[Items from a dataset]
*** Begin section ***

(* Let $(H,T)$ be a coupling time with ambiguities of finite width for the interacting particle system described in the context, and assume that $\Lambda_T(\lambda)=\mathbb{E}[e^{-\lambda T}]$ is finite for some $\lambda>0$. Then $\Lambda_H(\lambda')$ is finite for every $\lambda'<\lambda$.
   Context: Let $S$ be a finite set and $\mathfrak{J}$ a finite index set; for each $i\in\mathfrak{J}$ fix a finite $A_i\subset\mathbb{Z}$, $\ell_i\subset S^{A_i}$, $s_i\in S$, $r_i\ge0$. Graphical construction: on $(\Omega,\mathcal{F},\mathbb{P})$, independent Poisson processes $\Psi(x,i)$ on $(-\infty,0)$ with rates $r_i$, points $0>\Psi(x,i,1)>\Psi(x,i,2)>\cdots$; $\mathcal{F}(x,i)=\sigma(\Psi(x,i))$. Starting from $\xi\in S^{\mathbb{Z}}$ at time $u<0$, at each point $t=\Psi(x,i,k)>u$, if the configuration just before $t$ restricted to $x+A_i$ lies in $\ell_i$ (always if $A_i=\emptyset$), site $x$ is set to $s_i$ (the point is "performed"). $\Phi(\xi,u,0^-,0)$ is the state of site $0$ just before time $0$; $\mathrm{Perf}(\xi,u,x,i,k)$ indicates whether $\Psi(x,i,k)$ is performed. For a random time $U\le0$, $\mathcal{F}^+(U)$ is generated by the numbers of points of each $\Psi(x,i)$ in $[U,0)$ and their positions. A coupling time with ambiguities is a pair $(H,T)$ ($H=\{H(x,i,k)\}$ $\{0,1\}$-valued, $T$ real) with: (1) $T\in(-\infty,0)$ a.s.; (2) a.s. finitely many $H(x,i,k)\ne0$; (3) a.s. $H(x,i,k)=0$ if $\Psi(x,i,k)<T$; (4) $H(x,i,k)$ is $\mathcal{F}^+(\Psi(x,i,k))$-measurable; (5) a.s., for all $t<T$ and $\xi,\xi'$, equality of $\mathrm{Perf}(\cdot,t,x,i,k)H(x,i,k)$ for all $(x,i,k)$ implies $\Phi(\xi,t,0^-,0)=\Phi(\xi',t,0^-,0)$. Its width is bounded by nonnegative integers $(a_-,a_+)$ if: (i) $H$ is measurable w.r.t. $\sigma(\mathcal{F}(x,i);-a_-\le x\le a_+,i\in\mathfrak{J})$; (ii) a.s., $H(x,i,k)=1$ implies $x+A_i\subset[-a_-,a_+]$; (iii) there is a map $\Theta$ on $\Omega\times\{0,1\}^{\mathbb{Z}\times\mathfrak{J}\times\{1,2,\dots\}}$ with values in $S$, measurable w.r.t. $\sigma(\mathcal{F}(x,i);-a_-\le x\le a_+)\otimes$(product $\sigma$-algebra), with $\Phi(\xi,t,0^-,0)=\Theta(\Psi,(\mathrm{Perf}(\xi,t,x,i,k)H(x,i,k))_{x,i,k})$ a.s. for all $t<T$, $\xi$. Finite width means bounded by some such pair. $\Lambda_H(\lambda)=\mathbb{E}[\sum_{x,i,k}(\#A_i)e^{-\lambda\Psi(x,i,k)}H(x,i,k)]$. *)

theory Defs
  imports "HOL-Probability.Probability"
begin

text \<open>For a process of rate r i > 0 the points are
  Psi(x,i,k) = -(G(x,i,0)+...+G(x,i,k)) with independent Exp(r i) gaps G; k = 0,1,2,...
  corresponds to the paper's k = 1,2,3,...  A process of rate 0 has no points; its
  (non-existent) points are encoded as -infinity.\<close>

definition pts :: "('j \<Rightarrow> real) \<Rightarrow> ('w \<Rightarrow> int \<Rightarrow> 'j \<Rightarrow> nat \<Rightarrow> real) \<Rightarrow> 'w \<Rightarrow> int \<Rightarrow> 'j \<Rightarrow> nat \<Rightarrow> ereal" where
  "pts r G w x i k = (if r i = 0 then MInfty else ereal (- (\<Sum>m\<le>k. G w x i m)))"

definition poisson_family :: "'w measure \<Rightarrow> ('j \<Rightarrow> real) \<Rightarrow> ('w \<Rightarrow> int \<Rightarrow> 'j \<Rightarrow> nat \<Rightarrow> real) \<Rightarrow> bool" where
  "poisson_family M r G \<longleftrightarrow>
     prob_space.indep_vars M (\<lambda>_. borel) (\<lambda>(x,i,k) w. G w x i k) {(x,i,k). r i > 0} \<and>
     (\<forall>x i k. r i > 0 \<longrightarrow> distributed M lborel (\<lambda>w. G w x i k) (exponential_density (r i)))"

text \<open>Space-time history of the graphical construction started from xi at time u
  (for one fixed realisation Psi of the point processes): zeta y t is the state of site y
  just before time t, for u < t \<le> 0.\<close>

definition consistent ::
  "('j \<Rightarrow> int set) \<Rightarrow> ('j \<Rightarrow> (int \<Rightarrow> 's) set) \<Rightarrow> ('j \<Rightarrow> 's) \<Rightarrow> (int \<Rightarrow> 'j \<Rightarrow> nat \<Rightarrow> ereal)
    \<Rightarrow> (int \<Rightarrow> 's) \<Rightarrow> real \<Rightarrow> (int \<Rightarrow> real \<Rightarrow> 's) \<Rightarrow> bool" where
  "consistent A ell s P xi u zeta \<longleftrightarrow>
     (\<forall>y t. (t \<le> u \<or> 0 < t) \<longrightarrow> zeta y t = xi y) \<and>
     (\<forall>y t. u < t \<and> t \<le> 0 \<longrightarrow>
        (let Q = {(i,k). ereal u < P y i k \<and> P y i k < ereal t} in
          (Q = {} \<longrightarrow> zeta y t = xi y) \<and>
          (\<forall>(i,k)\<in>Q. (\<forall>(i',k')\<in>Q. (i',k') \<noteq> (i,k) \<longrightarrow> P y i' k' < P y i k) \<longrightarrow>
             zeta y t =
               (if A i = {} \<or> restrict (\<lambda>a. zeta (y + a) (real_of_ereal (P y i k))) (A i) \<in> ell i
                then s i else zeta y (real_of_ereal (P y i k))))))"

definition hist where
  "hist A ell s P xi u = (THE zeta. consistent A ell s P xi u zeta)"

text \<open>Phi(xi,u,0^-,0): state of site 0 just before time 0.\<close>
definition Phi where
  "Phi A ell s P xi u = hist A ell s P xi u 0 0"

definition Perf where
  "Perf A ell s P xi u x i k \<longleftrightarrow>
     ereal u < P x i k \<and> P x i k < 0 \<and>
     (A i = {} \<or> restrict (\<lambda>a. hist A ell s P xi u (x + a) (real_of_ereal (P x i k))) (A i) \<in> ell i)"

*** End section ***

Exercise directions
Would you restate each of the entries word for word?

Exercise result
(* Let $(H,T)$ be a coupling time with ambiguities of finite width for the interacting particle system described in the context, and assume that $\Lambda_T(\lambda)=\mathbb{E}[e^{-\lambda T}]$ is finite for some $\lambda>0$. Then $\Lambda_H(\lambda')$ is finite for every $\lambda'<\lambda$.
   Context: Let $S$ be a finite set and $\mathfrak{J}$ a finite index set; for each $i\in\mathfrak{J}$ fix a finite $A_i\subset\mathbb{Z}$, $\ell_i\subset S^{A_i}$, $s_i\in S$, $r_i\ge0$. Graphical construction: on $(\Omega,\mathcal{F},\mathbb{P})$, independent Poisson processes $\Psi(x,i)$ on $(-\infty,0)$ with rates $r_i$, points $0>\Psi(x,i,1)>\Psi(x,i,2)>\cdots$; $\mathcal{F}(x,i)=\sigma(\Psi(x,i))$. Starting from $\xi\in S^{\mathbb{Z}}$ at time $u<0$, at each point $t=\Psi(x,i,k)>u$, if the configuration just before $t$ restricted to $x+A_i$ lies in $\ell_i$ (always if $A_i=\emptyset$), site $x$ is set to $s_i$ (the point is "performed"). $\Phi(\xi,u,0^-,0)$ is the state of site $0$ just before time $0$; $\mathrm{Perf}(\xi,u,x,i,k)$ indicates whether $\Psi(x,i,k)$ is performed. For a random time $U\le0$, $\mathcal{F}^+(U)$ is generated by the numbers of points of each $\Psi(x,i)$ in $[U,0)$ and their positions. A coupling time with ambiguities is a pair $(H,T)$ ($H=\{H(x,i,k)\}$ $\{0,1\}$-valued, $T$ real) with: (1) $T\in(-\infty,0)$ a.s.; (2) a.s. finitely many $H(x,i,k)\ne0$; (3) a.s. $H(x,i,k)=0$ if $\Psi(x,i,k)<T$; (4) $H(x,i,k)$ is $\mathcal{F}^+(\Psi(x,i,k))$-measurable; (5) a.s., for all $t<T$ and $\xi,\xi'$, equality of $\mathrm{Perf}(\cdot,t,x,i,k)H(x,i,k)$ for all $(x,i,k)$ implies $\Phi(\xi,t,0^-,0)=\Phi(\xi',t,0^-,0)$. Its width is bounded by nonnegative integers $(a_-,a_+)$ if: (i) $H$ is measurable w.r.t. $\sigma(\mathcal{F}(x,i);-a_-\le x\le a_+,i\in\mathfrak{J})$; (ii) a.s., $H(x,i,k)=1$ implies $x+A_i\subset[-a_-,a_+]$; (iii) there is a map $\Theta$ on $\Omega\times\{0,1\}^{\mathbb{Z}\times\mathfrak{J}\times\{1,2,\dots\}}$ with values in $S$, measurable w.r.t. $\sigma(\mathcal{F}(x,i);-a_-\le x\le a_+)\otimes$(product $\sigma$-algebra), with $\Phi(\xi,t,0^-,0)=\Theta(\Psi,(\mathrm{Perf}(\xi,t,x,i,k)H(x,i,k))_{x,i,k})$ a.s. for all $t<T$, $\xi$. Finite width means bounded by some such pair. $\Lambda_H(\lambda)=\mathbb{E}[\sum_{x,i,k}(\#A_i)e^{-\lambda\Psi(x,i,k)}H(x,i,k)]$. *)

theory Defs
  imports "HOL-Probability.Probability"
begin

text \<open>For a process of rate r i > 0 the points are
  Psi(x,i,k) = -(G(x,i,0)+...+G(x,i,k)) with independent Exp(r i) gaps G; k = 0,1,2,...
  corresponds to the paper's k = 1,2,3,...  A process of rate 0 has no points; its
  (non-existent) points are encoded as -infinity.\<close>

definition pts :: "('j \<Rightarrow> real) \<Rightarrow> ('w \<Rightarrow> int \<Rightarrow> 'j \<Rightarrow> nat \<Rightarrow> real) \<Rightarrow> 'w \<Rightarrow> int \<Rightarrow> 'j \<Rightarrow> nat \<Rightarrow> ereal" where
  "pts r G w x i k = (if r i = 0 then MInfty else ereal (- (\<Sum>m\<le>k. G w x i m)))"

definition poisson_family :: "'w measure \<Rightarrow> ('j \<Rightarrow> real) \<Rightarrow> ('w \<Rightarrow> int \<Rightarrow> 'j \<Rightarrow> nat \<Rightarrow> real) \<Rightarrow> bool" where
  "poisson_family M r G \<longleftrightarrow>
     prob_space.indep_vars M (\<lambda>_. borel) (\<lambda>(x,i,k) w. G w x i k) {(x,i,k). r i > 0} \<and>
     (\<forall>x i k. r i > 0 \<longrightarrow> distributed M lborel (\<lambda>w. G w x i k) (exponential_density (r i)))"

text \<open>Space-time history of the graphical construction started from xi at time u
  (for one fixed realisation Psi of the point processes): zeta y t is the state of site y
  just before time t, for u < t \<le> 0.\<close>

definition consistent ::
  "('j \<Rightarrow> int set) \<Rightarrow> ('j \<Rightarrow> (int \<Rightarrow> 's) set) \<Rightarrow> ('j \<Rightarrow> 's) \<Rightarrow> (int \<Rightarrow> 'j \<Rightarrow> nat \<Rightarrow> ereal)
    \<Rightarrow> (int \<Rightarrow> 's) \<Rightarrow> real \<Rightarrow> (int \<Rightarrow> real \<Rightarrow> 's) \<Rightarrow> bool" where
  "consistent A ell s P xi u zeta \<longleftrightarrow>
     (\<forall>y t. (t \<le> u \<or> 0 < t) \<longrightarrow> zeta y t = xi y) \<and>
     (\<forall>y t. u < t \<and> t \<le> 0 \<longrightarrow>
        (let Q = {(i,k). ereal u < P y i k \<and> P y i k < ereal t} in
          (Q = {} \<longrightarrow> zeta y t = xi y) \<and>
          (\<forall>(i,k)\<in>Q. (\<forall>(i',k')\<in>Q. (i',k') \<noteq> (i,k) \<longrightarrow> P y i' k' < P y i k) \<longrightarrow>
             zeta y t =
               (if A i = {} \<or> restrict (\<lambda>a. zeta (y + a) (real_of_ereal (P y i k))) (A i) \<in> ell i
                then s i else zeta y (real_of_ereal (P y i k))))))"

definition hist where
  "hist A ell s P xi u = (THE zeta. consistent A ell s P xi u zeta)"

text \<open>Phi(xi,u,0^-,0): state of site 0 just before time 0.\<close>
definition Phi where
  "Phi A ell s P xi u = hist A ell s P xi u 0 0"

definition Perf where
  "Perf A ell s P xi u x i k \<longleftrightarrow>
     ereal u < P x i k \<and> P x i k < 0 \<and>
     (A i = {} \<or> restrict (\<lambda>a. hist A ell s P xi u (x + a) (real_of_ereal (P x i k))) (A i) \<in> ell i)"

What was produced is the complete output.